AVS 60th International Symposium and Exhibition
    Accelerating Materials Discovery for Global Competitiveness Focus Topic Thursday Sessions
       Session MG-ThA

Invited Paper MG-ThA6
Surface Technology Solutions: Materials Design for Aero-Engine Gas Turbine Applications

Thursday, October 31, 2013, 3:40 pm, Room 202 B

Session: Theory, Computation and Data-Enabled Scientific Discovery
Presenter: J.R. Rodgers, Toth Information Systems Inc., Canada
Correspondent: Click to Email

Erosion damage of aero-engine compressor gas path components occurs to aircraft operating in sandy environment. Erosion can lead to gradual changes in surface finish and component geometry, which consequently alters the dynamic response characteristics of compressor airfoils, causing premature failure. One of the approaches to deal with erosion problems in gas turbine engines is to apply protective hard coating on the component surface. Hardness and ductility are two of the key values for the design and characterization of materials that are used for surface protection. These key values largely depend on the elastic properties of the material, as described by the elastic stiffness tensor.
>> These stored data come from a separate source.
lemma support_and_variation_of_directional_bound:
  fixes g e :: "'a \<Rightarrow> real"
  assumes C: "finite C" and nonneg: "\<forall>c\<in>C. 0 \<le> g c \<and> 0 \<le> e c"
    and dir: "\<And>t. 0 < t \<Longrightarrow> t < 1 \<Longrightarrow>
                0 \<le> (\<Sum>c\<in>C. (e c - g c) * ln ((1 - t) * g c + t * e c))"
  shows "\<forall>c\<in>C. 0 < e c \<longrightarrow> 0 < g c" and "0 \<le> (\<Sum>c\<in>C. (e c - g c) * ln (g c))"
proof -
  define F where "F t = (\<Sum>c\<in>C. (e c - g c) * ln ((1 - t) * g c + t * e c))" for t
  define A where "A t = (\<Sum>c\<in>C. if g c = 0 then 0 else (e c - g c) * ln ((1 - t) * g c + t * e c))"
    for t
  define m where "m = (\<Sum>c\<in>C. if g c = 0 then e c else 0)"
  define r where "r = (\<Sum>c\<in>C. if g c = 0 then e c * ln (e c) else 0)"
  have F_split: "F t = A t + m * ln t + r" if "0 < t" for t
  proof -
    have "(e c - g c) * ln ((1 - t) * g c + t * e c)
        = (if g c = 0 then 0 else (e c - g c) * ln ((1 - t) * g c + t * e c))
          + (if g c = 0 then e c else 0) * ln t + (if g c = 0 then e c * ln (e c) else 0)" for c
      using that by (cases "e c = 0") (auto simp: ln_mult algebra_simps)
    then show ?thesis
      unfolding F_def A_def m_def r_def sum_distrib_right sum.distrib[symmetric]
      by (rule sum.cong[OF refl])
  qed
  have A_lim: "(A \<longlongrightarrow> (\<Sum>c\<in>C. (e c - g c) * ln (g c))) (at_right 0)"
  proof -
    have "((\<lambda>t. if g c = 0 then 0 else (e c - g c) * ln ((1 - t) * g c + t * e c))
           \<longlongrightarrow> (e c - g c) * ln (g c)) (at_right 0)" if "c \<in> C" for c
    proof (cases "g c = 0")
      case False
      with nonneg that have "0 < g c" by (simp add: order_less_le)
      have "((\<lambda>t. (1 - t) * g c + t * e c) \<longlongrightarrow> (1 - 0) * g c + 0 * e c) (at_right 0)"
        by (intro tendsto_intros)
      with \<open>0 < g c\<close> have "((\<lambda>t. ln ((1 - t) * g c + t * e c)) \<longlongrightarrow> ln (g c)) (at_right 0)"
        by (intro tendsto_ln) auto
      with False show ?thesis by (simp add: tendsto_mult_left)
    qed simp
    then show ?thesis unfolding A_def by (rule tendsto_sum)
  qed
  have small: "eventually (\<lambda>t. 0 < t \<and> t < 1) (at_right (0::real))"
    by (auto simp: eventually_at_right_field intro: exI[of _ 1])
  \<comment> \<open>Mass of \<open>e\<close> off the support of \<open>g\<close> contributes \<open>m ln t \<longrightarrow> -\<infinity>\<close> to the derivative.\<close>
  have "m = 0"
  proof (rule coefficient_of_ln_eq_0)
    show "((\<lambda>t. A t + r) \<longlongrightarrow> (\<Sum>c\<in>C. (e c - g c) * ln (g c)) + r) (at_right 0)"
      by (intro tendsto_add A_lim tendsto_const)
    show "0 \<le> m" unfolding m_def using nonneg by (auto intro: sum_nonneg)
    show "eventually (\<lambda>t. 0 \<le> A t + r + m * ln t) (at_right 0)"
      using small by eventually_elim (use dir F_split in \<open>simp add: F_def algebra_simps\<close>)
  qed
  then have "\<forall>c\<in>C. (if g c = 0 then e c else 0) = 0"
    unfolding m_def using nonneg by (subst (asm) sum_nonneg_eq_0_iff[OF C]) auto
  then have off_support: "\<forall>c\<in>C. g c = 0 \<longrightarrow> e c = 0"
    by auto
  then show "\<forall>c\<in>C. 0 < e c \<longrightarrow> 0 < g c"
    using nonneg by (auto simp: order_less_le)
  have "r = 0" unfolding r_def using off_support by (auto intro: sum.neutral)
  have "(F \<longlongrightarrow> (\<Sum>c\<in>C. (e c - g c) * ln (g c))) (at_right 0)"
  proof (rule Lim_transform_eventually[OF A_lim])
    show "eventually (\<lambda>t. A t = F t) (at_right 0)"
      using small by eventually_elim (simp add: F_split \<open>m = 0\<close> \<open>r = 0\<close>)
  qed
  then show "0 \<le> (\<Sum>c\<in>C. (e c - g c) * ln (g c))"
    by (rule tendsto_lowerbound) (use small dir in \<open>auto simp: F_def elim: eventually_mono\<close>)
qed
Materials informatics approaches and high-throughput c omputational materials science methods have been employed, to explore chemistry and property space, to aid the prediction, synthesis, characterization and property optimization of promising candidate materials, for protective hard coatings systems, with enhanced erosion resistance for application to gas turbine airfoils. These generic methods have been employed to explore multidimensional property space, at a previously unavailable level of detail and to rapidly calculate thermophysical properties that are difficult to measure. Given these vast resources of structure and property data it is possible to extract trends on the structure of materials and their properties and use these results at the materials selection and design stages. These informatics approaches, coupled with ab initio quantum mechanics methodologies, provide many of the tools needed to guide materials selection via computational experiments. Examples for the application of these methods coupled with the use of experiments for the design of materials for industrial applications will be presented. The results presented will highlight the potential of this combined – informatics, theoretical and experimental – research strategy to aid the manufacturing process.